Mila Pernice, from Rete dei Comunisti, introduced the meeting and chaired it with Guadalupe Aguilar, a cultural mediator and international activist of Bolivian origin.
Giacomo Marchetti, from Rete dei Comunisti, concluded by reviewing the meaning of the initiative in the current context and relaunching the initiatives that will characterise the Campaign in the coming weeks.
The first series of initiatives will concern the Colombian elections with the elaboration and dissemination of a series of in-depth materials. The Colombian situation, mentioned in several speeches, was deepened by Eder Obando, representative in Italy of the Coalition of the Histórico Pact, which will choose its candidate and his deputy to the Presidency in the primaries to be held, at the same time as the political elections, on 13 March.

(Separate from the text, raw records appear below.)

text \<open>For fixed P the inner minimisation of the relative entropy is explicit: by Gibbs'
  inequality D(P \<times> Q || P_XY) is minimised by Q proportional to exp (E_P ln W(y|\<cdot>)) on the outputs
  reachable from every input in the support of P, with value -ln of the normalising mass.
  Since D_\<alpha> \<le> D for \<alpha> < 1 and D \<le> D_\<alpha> for \<alpha> > 1, it remains to bound U_\<alpha> from below on
  the left and from above on the right.  For \<alpha> < 1, Hoelder's inequality bounds
  D_\<alpha>(P \<times> Q || P_XY) below by -ln \<Sum>_y (\<Sum>_x P(x) W(y|x)^(1-\<alpha>))^(1/(1-\<alpha>)) for every Q, and this
  power-mean mass tends to the geometric mass as \<alpha> \<rightarrow> 1.  For \<alpha> > 1 we evaluate D_\<alpha> at the
  minimiser of D: a second-order bound on the log-moment generating function shows that it
  exceeds D by at most (\<alpha> - 1) B^2, where B bounds the log-likelihood ratio uniformly in P.\<close>

lemma exp_le_one_plus_quadratic:
  fixes t :: real
  assumes "\<bar>t\<bar> \<le> 1"
  shows "exp t \<le> 1 + t + t\<^sup>2"
proof (cases "0 \<le> t")
  case True
  then show ?thesis using exp_bound[of t] assms by auto
next
  case False
  define s where "s = - t"
  have s: "0 \<le> s" "s \<le> 1" using False assms by (auto simp: s_def)
  have "1 - s + s\<^sup>2 = (s - 1/2)\<^sup>2 + 3/4" by (simp add: power2_eq_square algebra_simps)
  then have pos: "0 < 1 - s + s\<^sup>2" using zero_le_power2[of "s - 1/2"] by linarith
  have "(1 - s + s\<^sup>2) * (1 + s + s\<^sup>2/2) = 1 + s\<^sup>2/2 + s^3/2 + s^4/2"
    by (simp add: field_simps power2_eq_square power3_eq_cube power4_eq_xxxx)
  then have "1 \<le> (1 - s + s\<^sup>2) * (1 + s + s\<^sup>2/2)" using s by simp
  also have "\<dots> \<le> (1 - s + s\<^sup>2) * exp s"
    using exp_lower_Taylor_quadratic[OF s(1)] pos by (intro mult_left_mono) auto
  finally have "exp (- s) \<le> 1 - s + s\<^sup>2" by (simp add: exp_minus field_simps)
  then show ?thesis by (simp add: s_def)
qed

He complemented his speech with the screening of the first episode of the first season of the webseries Matarife, based on the investigative journalistic work of Danilo Mendoza Leal, shown for the first time in Italy with Italian subtitles for this meeting.
In the coming weeks, the promoters of the campaign will be showing this documentary in various Italian cities, which, as has been mentioned, was the ‘straw that broke the camel’s back’, contributing to a greater level of awareness of what the Uribe system has been.
These initiatives will be important moments of awareness and confrontation, to support the electoral challenge of the Pact towards the presidential elections in May.
Colombia is the only country in Latin America that has been integrating the Atlantic Pact since 2017 and has recently expanded the spectrum of its collaboration with NATO.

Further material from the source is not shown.